══ Record extracts

definition clo_step :: "'y fml set \<Rightarrow> 'y tattr set \<Rightarrow> 'y tattr set" where
  "clo_step \<Sigma> M = M \<union> \<Union>{shift F i | E F i. (E, F) \<in> \<Sigma> \<and> shift E i \<subseteq> M}"

definition clo_n :: "'y fml set \<Rightarrow> 'y tattr set \<Rightarrow> nat \<Rightarrow> 'y tattr set" where
  "clo_n \<Sigma> M n = (clo_step \<Sigma> ^^ n) M"

definition clo_omega :: "'y fml set \<Rightarrow> 'y tattr set \<Rightarrow> 'y tattr set" where
  "clo_omega \<Sigma> M = (\<Union>n. clo_n \<Sigma> M n)"

definition ax_inst :: "'y fml \<Rightarrow> bool" where
  "ax_inst \<phi> \<longleftrightarrow> (\<exists>A B. finite A \<and> finite B \<and> \<phi> = (A \<union> B, A))"

definition cut_inst :: "'y fml \<Rightarrow> 'y fml \<Rightarrow> 'y fml \<Rightarrow> bool" where
  "cut_inst h1 h2 \<phi> \<longleftrightarrow> (\<exists>A B C D. finite A \<and> finite B \<and> finite C \<and> finite D \<and>
      h1 = (A, B) \<and> h2 = (B \<union> C, D) \<and> \<phi> = (A \<union> C, D))"

definition shf_inst :: "'y fml \<Rightarrow> 'y fml \<Rightarrow> bool" where
  "shf_inst h \<phi> \<longleftrightarrow> (\<exists>A B i. finite A \<and> finite B \<and>
      h = (A, B) \<and> \<phi> = (shift A i, shift B i))"

definition is_proof :: "'y fml set \<Rightarrow> 'y fml list \<Rightarrow> bool" where
  "is_proof \<Sigma> ps \<longleftrightarrow> ps \<noteq> [] \<and>
     (\<forall>k < length ps. ps ! k \<in> \<Sigma> \<or> ax_inst (ps ! k)
        \<or> (\<exists>j < k. \<exists>l < k. cut_inst (ps ! j) (ps ! l) (ps ! k))
        \<or> (\<exists>j < k. shf_inst (ps ! j) (ps ! k)))"

definition provable :: "'y fml set \<Rightarrow> 'y fml \<Rightarrow> bool" where
  "provable \<Sigma> \<phi> \<longleftrightarrow> (\<exists>ps. is_proof \<Sigma> ps \<and> last ps = \<phi>)"

end

theory Submission
  imports Defs
begin

text \<open>Proof sequences are equivalent to the inductive closure of \<Sigma> under Ax, Cut and Shf, so
  both directions go by induction.  Soundness: each rule preserves B \<subseteq> A^\<omega>; for Shf because
  shifting a closure stays inside the closure of the shifted set, for Cut because the closure is
  idempotent, which uses that the premises of formulas of \<Sigma> are finite.  Completeness: by induction
  on n every element of the n-th stage is derivable from A, since a new element lies in F+i for
  some E \<Rightarrow> F in \<Sigma> with E+i in the previous stage, and A \<Rightarrow> E+i, E+i \<Rightarrow> F+i (by Shf) and
  F+i \<Rightarrow> {b} (by Ax) chain by Cut.\<close>

inductive derivable :: "'y fml set \<Rightarrow> 'y fml \<Rightarrow> bool" for \<Sigma> :: "'y fml set" where
  member: "\<phi> \<in> \<Sigma> \<Longrightarrow> derivable \<Sigma> \<phi>"
| ax: "ax_inst \<phi> \<Longrightarrow> derivable \<Sigma> \<phi>"
| cut: "derivable \<Sigma> h1 \<Longrightarrow> derivable \<Sigma> h2 \<Longrightarrow> cut_inst h1 h2 \<phi> \<Longrightarrow> derivable \<Sigma> \<phi>"
| shf: "derivable \<Sigma> h \<Longrightarrow> shf_inst h \<phi> \<Longrightarrow> derivable \<Sigma> \<phi>"

definition justified :: "'y fml set \<Rightarrow> 'y fml list \<Rightarrow> nat \<Rightarrow> bool" where
  "justified \<Sigma> ps k \<longleftrightarrow> ps ! k \<in> \<Sigma> \<or> ax_inst (ps ! k)
     \<or> (\<exists>j < k. \<exists>l < k. cut_inst (ps ! j) (ps ! l) (ps ! k))
     \<or> (\<exists>j < k. shf_inst (ps ! j) (ps ! k))"

lemma is_proof_iff_justified:
  "is_proof \<Sigma> ps \<longleftrightarrow> ps \<noteq> [] \<and> (\<forall>k < length ps. justified \<Sigma> ps k)"
  unfolding is_proof_def justified_def ..

lemma justified_append_left:
  assumes "k < length xs" "justified \<Sigma> xs k"
  shows "justified \<Sigma> (xs @ ys) k"
proof -
  have "(xs @ ys) ! j = xs ! j" if "j \<le> k" for j
    using that assms(1) by (simp add: nth_append)
  then show ?thesis
    using assms(2) unfolding justified_def by (metis less_imp_le order_refl)
qed

lemma justified_append_right:
  assumes "justified \<Sigma> ys k"
  shows "justified \<Sigma> (xs @ ys) (length xs + k)"
proof -
  have nth: "(xs @ ys) ! (length xs + j) = ys ! j" for j
    by (simp add: nth_append)
  from assms show ?thesis
    unfolding justified_def nth
    by (elim disjE exE conjE) (metis nth add_less_cancel_left)+
qed

lemma is_proof_append:
  assumes "is_proof \<Sigma> xs" "is_proof \<Sigma> ys"
  shows "is_proof \<Sigma> (xs @ ys)"
  unfolding is_proof_iff_justified
proof (intro conjI allI impI)
  show "xs @ ys \<noteq> []"
    using assms(1) by (simp add: is_proof_def)
  fix k assume k: "k < length (xs @ ys)"
  show "justified \<Sigma> (xs @ ys) k"
  proof (cases "k < length xs")
    case True
    then show ?thesis
      using assms(1) by (simp add: is_proof_iff_justified justified_append_left)
  next
    case False
    then obtain k' where "k = length xs + k'" "k' < length ys"
      using k by (metis add_diff_inverse_nat length_append nat_add_left_cancel_less)
    then show ?thesis
      using assms(2) by (simp add: is_proof_iff_justified justified_append_right)
  qed
qed

lemma is_proof_snoc:
  assumes "is_proof \<Sigma> xs" and "justified \<Sigma> (xs @ [\<phi>]) (length xs)"
  shows "is_proof \<Sigma> (xs @ [\<phi>])"
  using assms justified_append_left[of _ xs \<Sigma> "[\<phi>]"]
  by (auto simp: is_proof_iff_justified less_Suc_eq)

lemma justified_snoc_cut:
  assumes "h1 \<in> set xs" "h2 \<in> set xs" "cut_inst h1 h2 \<phi>"
  shows "justified \<Sigma> (xs @ [\<phi>]) (length xs)"
proof -
  obtain j l where "j < length xs" "l < length xs" "xs ! j = h1" "xs ! l = h2"
    using assms(1,2) by (meson in_set_conv_nth)
  then show ?thesis
    using assms(3) unfolding justified_def by (auto simp: nth_append)
qed

lemma justified_snoc_shf:
  assumes "h \<in> set xs" "shf_inst h \<phi>"
  shows "justified \<Sigma> (xs @ [\<phi>]) (length xs)"
proof -
  obtain j where "j < length xs" "xs ! j = h"
    using assms(1) by (meson in_set_conv_nth)
  then show ?thesis
    using assms(2) unfolding justified_def by (auto simp: nth_append)
qed

lemma derivable_if_is_proof:
  assumes "is_proof \<Sigma> ps" "k < length ps"
  shows "derivable \<Sigma> (ps ! k)"
  using assms(2)
proof (induction k rule: less_induct)
  case (less k)
  then have "justified \<Sigma> ps k"
    using assms(1) by (simp add: is_proof_iff_justified)
  then show ?case
    unfolding justified_def
    by (meson derivable.intros less.IH less.prems order.strict_trans)
qed

lemma provable_if_derivable:
  "derivable \<Sigma> \<phi> \<Longrightarrow> provable \<Sigma> \<phi>"
proof (induction rule: derivable.induct)
  case (member \<phi>)
  then show ?case
    unfolding provable_def is_proof_def by (intro exI[of _ "[\<phi>]"]) simp
next
  case (ax \<phi>)
  then show ?case
    unfolding provable_def is_proof_def by (intro exI[of _ "[\<phi>]"]) simp
next
  case (cut h1 h2 \<phi>)
  then obtain xs ys where
    "is_proof \<Sigma> xs" "last xs = h1" "is_proof \<Sigma> ys" "last ys = h2"
    unfolding provable_def by blast
  moreover have "xs \<noteq> []" "ys \<noteq> []"
    using calculation by (auto simp: is_proof_def)
  ultimately have "is_proof \<Sigma> ((xs @ ys) @ [\<phi>])"
    using cut.hyps(3) by (intro is_proof_snoc is_proof_append justified_snoc_cut) auto
  then show ?case
    unfolding provable_def by (metis last_snoc)
next
  case (shf h \<phi>)
  then obtain xs where "is_proof \<Sigma> xs" "last xs = h"
    unfolding provable_def by blast
  moreover have "xs \<noteq> []"
    using calculation by (auto simp: is_proof_def)
  ultimately have "is_proof \<Sigma> (xs @ [\<phi>])"
    using shf.hyps(2) by (intro is_proof_snoc justified_snoc_shf) auto
  then show ?case
    unfolding provable_def by (metis last_snoc)
qed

════

Could you retype exactly the lines from the one containing "obtain j where" through the final line of the data above, and no others?

  obtain j where "j < length xs" "xs ! j = h"
    using assms(1) by (meson in_set_conv_nth)
  then show ?thesis
    using assms(2) unfolding justified_def by (auto simp: nth_append)
qed

lemma derivable_if_is_proof:
  assumes "is_proof \<Sigma> ps" "k < length ps"
  shows "derivable \<Sigma> (ps ! k)"
  using assms(2)
proof (induction k rule: less_induct)
  case (less k)
  then have "justified \<Sigma> ps k"
    using assms(1) by (simp add: is_proof_iff_justified)
  then show ?case
    unfolding justified_def
    by (meson derivable.intros less.IH less.prems order.strict_trans)
qed

lemma provable_if_derivable:
  "derivable \<Sigma> \<phi> \<Longrightarrow> provable \<Sigma> \<phi>"
proof (induction rule: derivable.induct)
  case (member \<phi>)
  then show ?case
    unfolding provable_def is_proof_def by (intro exI[of _ "[\<phi>]"]) simp
next
  case (ax \<phi>)
  then show ?case
    unfolding provable_def is_proof_def by (intro exI[of _ "[\<phi>]"]) simp
next
  case (cut h1 h2 \<phi>)
  then obtain xs ys where
    "is_proof \<Sigma> xs" "last xs = h1" "is_proof \<Sigma> ys" "last ys = h2"
    unfolding provable_def by blast
  moreover have "xs \<noteq> []" "ys \<noteq> []"
    using calculation by (auto simp: is_proof_def)
  ultimately have "is_proof \<Sigma> ((xs @ ys) @ [\<phi>])"
    using cut.hyps(3) by (intro is_proof_snoc is_proof_append justified_snoc_cut) auto
  then show ?case
    unfolding provable_def by (metis last_snoc)
next
  case (shf h \<phi>)
  then obtain xs where "is_proof \<Sigma> xs" "last xs = h"
    unfolding provable_def by blast
  moreover have "xs \<noteq> []"
    using calculation by (auto simp: is_proof_def)
  ultimately have "is_proof \<Sigma> (xs @ [\<phi>])"
    using shf.hyps(2) by (intro is_proof_snoc justified_snoc_shf) auto
  then show ?case
    unfolding provable_def by (metis last_snoc)
qed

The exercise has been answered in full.